Madame Walsh se racle la gorge, elle hésite, alors Vétoldi l’encourage, alors elle glisse :
— Un peu…
— Mais encore ?
— Bon, vous gardez ça pour vous, elle m’a dit un jour que Madame Colombo s’ennuyait pas quand Monsieur n’était pas à Vannes, qu’elle avait un ami quoi, qu’y venait les soirs que Monsieur Colombo était pas chez lui..
— Comment le savait-elle ?
— Eh bien, quand vous êtes l’employée, vous voyez les produits de la salle de bains et donc vous pouvez voir s’il y a un homme à la maison.
— Vous pensez que Monsieur Colombo était au courant ?
— Je ne sais pas, elle prenait ses précautions et elle faisait toujours changer les draps avant son retour.
— Donc, elle ne voulait pas divorcer ?
— Pensez-vous ! Elle est pas folle. Il lui apportait tout l’argent qu’elle voulait, elle avait arrêté de travailler après son installation avec lui. You don’t kill the goose that lays the golden eggs[2].
Vous voyez autre chose à me dire à propos de la deuxième épouse ?
Madame Walsh paraît réfléchir puis elle dit :
Je crois pas qu’elle va être triste de l’avoir perdu.
Vous pensez qu’elle gardera cette maison ?
Ma foi, j’en sais rien de rien. Sûrement que ça dépendra de l’argent qu’elle aura.
Monsieur Colombo avait certainement souscrit une assurance-vie. Elle doit être à l’abri du manque. Il savait que s’il disparaissait, l’héritage serait réparti avec ses enfants du premier mariage, il l’a certainement protégée elle et ses enfants. je verrai ça avec son notaire.
— Je m’excuse, mais j’entends le téléphone sonner, c’est peut-être madame qui appelle, faut que je réponde.
Elle file au salon, et Vétoldi l’entend parler.
— Oui Madame, bien sûr Madame, je comprends.

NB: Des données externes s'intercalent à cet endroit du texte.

(* Let $n\ge 2$ and $m=n-1$. Let $\overline{Q}_1\subseteq\mathbb{R}^{m^2}\times\mathbb{R}^{nm}$ be the set of all $(w,y)$, with $w=(w_{ir})_{i,r\in\{1,\dots,m\}}$ and $y=(y_{ij})$ indexed by ordered pairs $(i,j)$ of distinct elements of $C=\{0,1,\dots,m\}$, satisfying (1) $\sum_{r=1}^m w_{ir}=1$ for $i=1,\dots,m$; (2) $\sum_{i=1}^m w_{ir}=1$ for $r=1,\dots,m$; (3) $w_{ir}\ge 0$ for all $i,r\in\{1,\dots,m\}$; (4) $y_{0,i}-w_{i,1}=0$ for $i=1,\dots,m$; (5) $y_{i,0}-w_{i,m}=0$ for $i=1,\dots,m$; (6) $w_{ir}+w_{j,r+1}-y_{ij}\le 1$ for all $i,j\in\{1,\dots,m\}$ with $i\ne j$ and all $r\in\{1,\dots,m-1\}$; (7) $\sum_{i=1}^m\sum_{j=1,j\ne i}^m y_{ij}=m-1$; (8) $y_{ij}\ge 0$ for all distinct $i,j\in\{0,\dots,m\}$. Then $\overline{Q}_1$ is an extended formulation of $\mathcal{A}_n$, i.e. $\pi_w(\overline{Q}_1)=\{w: \exists y,\ (w,y)\in\overline{Q}_1\}=\mathcal{A}_n$.
   Context: $\mathcal{A}_n$ denotes the linear assignment (Birkhoff) polytope in $\mathbb{R}^{m^2}$: the set of $w=(w_{ir})_{i,r=1}^m$ satisfying constraints (1)–(3). $\pi_w$ denotes projection onto the $w$-coordinates. *)

theory Defs
  imports Complex_Main
begin

(* Points are represented as functions on indices; only the coordinates in the
   stated index ranges matter (other values are unconstrained on both sides).
   w i r for i,r in {1..m}; y i j for distinct i,j in {0..m}; m = n - 1. *)

definition assignment_polytope :: "nat \<Rightarrow> (nat \<Rightarrow> nat \<Rightarrow> real) set" where
  "assignment_polytope n = (let m = n - 1 in
     {w. (\<forall>i\<in>{1..m}. (\<Sum>r=1..m. w i r) = 1)
       \<and> (\<forall>r\<in>{1..m}. (\<Sum>i=1..m. w i r) = 1)
       \<and> (\<forall>i\<in>{1..m}. \<forall>r\<in>{1..m}. w i r \<ge> 0)})"

definition Q1bar :: "nat \<Rightarrow> ((nat \<Rightarrow> nat \<Rightarrow> real) \<times> (nat \<Rightarrow> nat \<Rightarrow> real)) set" where
  "Q1bar n = (let m = n - 1 in
     {(w, y). (\<forall>i\<in>{1..m}. (\<Sum>r=1..m. w i r) = 1)
       \<and> (\<forall>r\<in>{1..m}. (\<Sum>i=1..m. w i r) = 1)
       \<and> (\<forall>i\<in>{1..m}. \<forall>r\<in>{1..m}. w i r \<ge> 0)
       \<and> (\<forall>i\<in>{1..m}. y 0 i - w i 1 = 0)
       \<and> (\<forall>i\<in>{1..m}. y i 0 - w i m = 0)
       \<and> (\<forall>i\<in>{1..m}. \<forall>j\<in>{1..m}. i \<noteq> j \<longrightarrow>
              (\<forall>r\<in>{1..m-1}. w i r + w j (r+1) - y i j \<le> 1))
       \<and> (\<Sum>i=1..m. \<Sum>j\<in>{1..m}-{i}. y i j) = real m - 1
       \<and> (\<forall>i\<in>{0..m}. \<forall>j\<in>{0..m}. i \<noteq> j \<longrightarrow> y i j \<ge> 0)})"

end

theory Submission
  imports Defs
begin

(* The projection lies in the assignment polytope because constraints (1)-(3) are among those
   of Q1bar.  Conversely, for w in the assignment polytope put
   y i j = \<Sum>r. w i r * w j (r+1), the bilinear relaxation of "j is placed right after i".
   Constraint (6) holds because a + b - a b \<le> 1 whenever a, b \<le> 1.  By the column sums the
   sum of y over all pairs (i,j), diagonal included, is m - 1; the diagonal terms are
   nonnegative, so the off-diagonal total falls short of m - 1 by a nonnegative slack, which
   is added to y 1 2. *)

lemma add_minus_mult_le_one:
  fixes a b :: "'a::linordered_idom"
  assumes "a \<le> 1" "b \<le> 1"
  shows "a + b - a * b \<le> 1"
proof -
  have "0 \<le> (1 - a) * (1 - b)"
    using assms by (intro mult_nonneg_nonneg) auto
  then show ?thesis by (simp add: algebra_simps)
qed

lemma sum_offdiag_indicator:
  fixes c :: "'b::comm_monoid_add"
  assumes "finite A" "a \<in> A" "b \<in> A" "a \<noteq> b"
  shows "(\<Sum>i\<in>A. \<Sum>j\<in>A - {i}. if i = a \<and> j = b then c else 0) = c"
proof -
  have "(\<Sum>j\<in>A - {i}. if i = a \<and> j = b then c else 0) = (if i = a then c else 0)"
    if "i \<in> A" for i
    using assms by (cases "i = a") (simp_all add: sum.delta)
  then show ?thesis
    using assms by (simp add: sum.delta cong: sum.cong)
qed

definition successor_weight :: "nat \<Rightarrow> (nat \<Rightarrow> nat \<Rightarrow> real) \<Rightarrow> nat \<Rightarrow> nat \<Rightarrow> real" where
  "successor_weight m w i j = (\<Sum>r=1..m-1. w i r * w j (r + 1))"

lemma successor_weight_total:
  assumes "\<And>r. r \<in> {1..m} \<Longrightarrow> (\<Sum>i=1..m. w i r) = 1"
  shows "(\<Sum>i=1..m. \<Sum>j=1..m. successor_weight m w i j) = real (m - 1)"
proof -
  have "(\<Sum>i=1..m. \<Sum>j=1..m. successor_weight m w i j)
      = (\<Sum>r=1..m-1. (\<Sum>i=1..m. w i r) * (\<Sum>j=1..m. w j (r + 1)))"
    unfolding successor_weight_def sum_product
    by (subst sum.swap, rule sum.cong, simp, subst sum.swap, simp)
  also have "\<dots> = (\<Sum>r=1..m-1. 1)"
    using assms by (intro sum.cong) auto
  finally show ?thesis by simp
qed

lemma successor_weight_offdiag_le:
  assumes "\<And>r. r \<in> {1..m} \<Longrightarrow> (\<Sum>i=1..m. w i r) = 1"
    and "\<And>i r. i \<in> {1..m} \<Longrightarrow> r \<in> {1..m} \<Longrightarrow> w i r \<ge> 0"
  shows "(\<Sum>i=1..m. \<Sum>j\<in>{1..m} - {i}. successor_weight m w i j) \<le> real (m - 1)"
proof -
  have "(\<Sum>i=1..m. \<Sum>j\<in>{1..m} - {i}. successor_weight m w i j)
      \<le> (\<Sum>i=1..m. \<Sum>j=1..m. successor_weight m w i j)"
    using assms(2) unfolding successor_weight_def
    by (intro sum_mono sum_mono2 sum_nonneg mult_nonneg_nonneg) auto
  then show ?thesis
    using successor_weight_total[OF assms(1)] by simp
qed

definition successor_slack :: "nat \<Rightarrow> (nat \<Rightarrow> nat \<Rightarrow> real) \<Rightarrow> real" where
  "successor_slack m w = real (m - 1) - (\<Sum>i=1..m. \<Sum>j\<in>{1..m} - {i}. successor_weight m w i j)"

definition successor_lift :: "nat \<Rightarrow> (nat \<Rightarrow> nat \<Rightarrow> real) \<Rightarrow> nat \<Rightarrow> nat \<Rightarrow> real" where
  "successor_lift m w i j =
     (if i = 0 then w j 1
      else if j = 0 then w i m
      else successor_weight m w i j + (if i = 1 \<and> j = 2 then successor_slack m w else 0))"

lemma successor_lift_offdiag_sum:
  assumes "m \<ge> 1"
  shows "(\<Sum>i=1..m. \<Sum>j\<in>{1..m} - {i}. successor_lift m w i j) = real m - 1"
proof -
  let ?slack = "\<lambda>i j. if i = 1 \<and> j = 2 then successor_slack m w else 0"
  have "(\<Sum>i=1..m. \<Sum>j\<in>{1..m} - {i}. successor_lift m w i j)
      = (\<Sum>i=1..m. \<Sum>j\<in>{1..m} - {i}. successor_weight m w i j)
        + (\<Sum>i=1..m. \<Sum>j\<in>{1..m} - {i}. ?slack i j)"
    unfolding successor_lift_def sum.distrib[symmetric] by (intro sum.cong) auto
  also have "(\<Sum>i=1..m. \<Sum>j\<in>{1..m} - {i}. ?slack i j) = successor_slack m w"
  proof (cases "m = 1")
    case True
    \<comment> \<open>no off-diagonal pair exists, and both sides vanish\<close>
    then show ?thesis by (simp add: successor_slack_def)
  next
    case False
    with assms show ?thesis by (intro sum_offdiag_indicator) auto
  qed
  finally show ?thesis
    using assms by (simp add: successor_slack_def)
qed

lemma successor_lift_in_Q1bar:
  assumes "n \<ge> 2" "w \<in> assignment_polytope n"
  shows "(w, successor_lift (n - 1) w) \<in> Q1bar n"
proof -
  define m where "m = n - 1"
  have m: "m \<ge> 1" using assms(1) by (simp add: m_def)
  have row: "\<And>i. i \<in> {1..m} \<Longrightarrow> (\<Sum>r=1..m. w i r) = 1"
    and col: "\<And>r. r \<in> {1..m} \<Longrightarrow> (\<Sum>i=1..m. w i r) = 1"
    and nonneg: "\<And>i r. i \<in> {1..m} \<Longrightarrow> r \<in> {1..m} \<Longrightarrow> w i r \<ge> 0"
    using assms(2) by (auto simp: assignment_polytope_def Let_def m_def)
  have le_one: "w i r \<le> 1" if "i \<in> {1..m}" "r \<in> {1..m}" for i r
    using sum_nonneg_leq_bound[OF _ _ row] nonneg that by auto
  have slack_nonneg: "successor_slack m w \<ge> 0"
    using successor_weight_offdiag_le[OF col nonneg] by (simp add: successor_slack_def)
  have weight_le_lift: "successor_weight m w i j \<le> successor_lift m w i j"
    if "i \<in> {1..m}" "j \<in> {1..m}" for i j
    using that slack_nonneg by (auto simp: successor_lift_def)
  have lift_nonneg: "successor_lift m w i j \<ge> 0"
    if "i \<in> {0..m}" "j \<in> {0..m}" "i \<noteq> j" for i j
  proof (cases "i = 0 \<or> j = 0")
    case True
    with that m show ?thesis by (auto simp: successor_lift_def intro: nonneg)
  next
    case False
    with that have ij: "i \<in> {1..m}" "j \<in> {1..m}" by auto
    then have "successor_weight m w i j \<ge> 0"
      unfolding successor_weight_def by (auto intro!: sum_nonneg mult_nonneg_nonneg nonneg)
    with weight_le_lift[OF ij] show ?thesis by linarith
  qed
  have adjacent: "w i r + w j (r + 1) - successor_lift m w i j \<le> 1"
    if "i \<in> {1..m}" "j \<in> {1..m}" "r \<in> {1..m-1}" for i j r
  proof -
    have "w i r * w j (r + 1) \<le> successor_weight m w i j"
      unfolding successor_weight_def
      using that nonneg by (intro member_le_sum mult_nonneg_nonneg) auto
    moreover have "w i r + w j (r + 1) - w i r * w j (r + 1) \<le> 1"
      using that by (intro add_minus_mult_le_one le_one) auto
    ultimately show ?thesis
      using weight_le_lift that by fastforce
  qed
  show ?thesis
    unfolding Q1bar_def Let_def m_def[symmetric]
    using row col nonneg adjacent lift_nonneg successor_lift_offdiag_sum[OF m]
    by (auto simp: successor_lift_def)
qed

theorem lemma1:
  fixes n :: nat
  assumes "n \<ge> 2"
  shows "{w. \<exists>y. (w, y) \<in> Q1bar n} = assignment_polytope n"
proof
  show "{w. \<exists>y. (w, y) \<in> Q1bar n} \<subseteq> assignment_polytope n"
    unfolding Q1bar_def assignment_polytope_def Let_def by auto
  show "assignment_polytope n \<subseteq> {w. \<exists>y. (w, y) \<in> Q1bar n}"
    using successor_lift_in_Q1bar[OF assms] by blast
qed

end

Je vous attends demain, tout sera prêt.
Elle raccroche et revient dans la cuisine:
— Je m’excuse, mais je vais avoir à faire, entre les courses et les chambres à préparer, Madame arrive demain avec les petits pour déjeuner. Elle doit régler les obsèques de Monsieur, vu qu’il veut se faire enterrer ici, dans son jardin, et qu’elle a eu l’autorisation… C’est pas bizarre, ça, non ?
— Bon, je comprends, je vous remercie, je reviendrai peut-être vous voir une autre fois. Madame Colombo vous a-t-elle dit si une messe serait célébrée à la paroisse de Locmaria ?
— Non, elle m’en a pas parlé, mais elle peut pas l’enterrer comme un chien, déjà qu’il sera pas dans un cimetière, alors… C’est pas possible qu’il y ait pas de messe à l’église…
— Il était pratiquant ?
— Non, mais vous savez, quand les gens meurent, ceux qui restent, ils aiment qu’il y a une cérémonie. Déjà qu’en plus ils étaient divorcés, s’il veut aller dans le Royaume de Dieu, il lui faut bien une messe et peut-être pas qu’une !
— Quand vous en saurez plus, surtout prévenez-moi, je vous laisse ma carte, vous pouvez m’appeler ou me laisser un message.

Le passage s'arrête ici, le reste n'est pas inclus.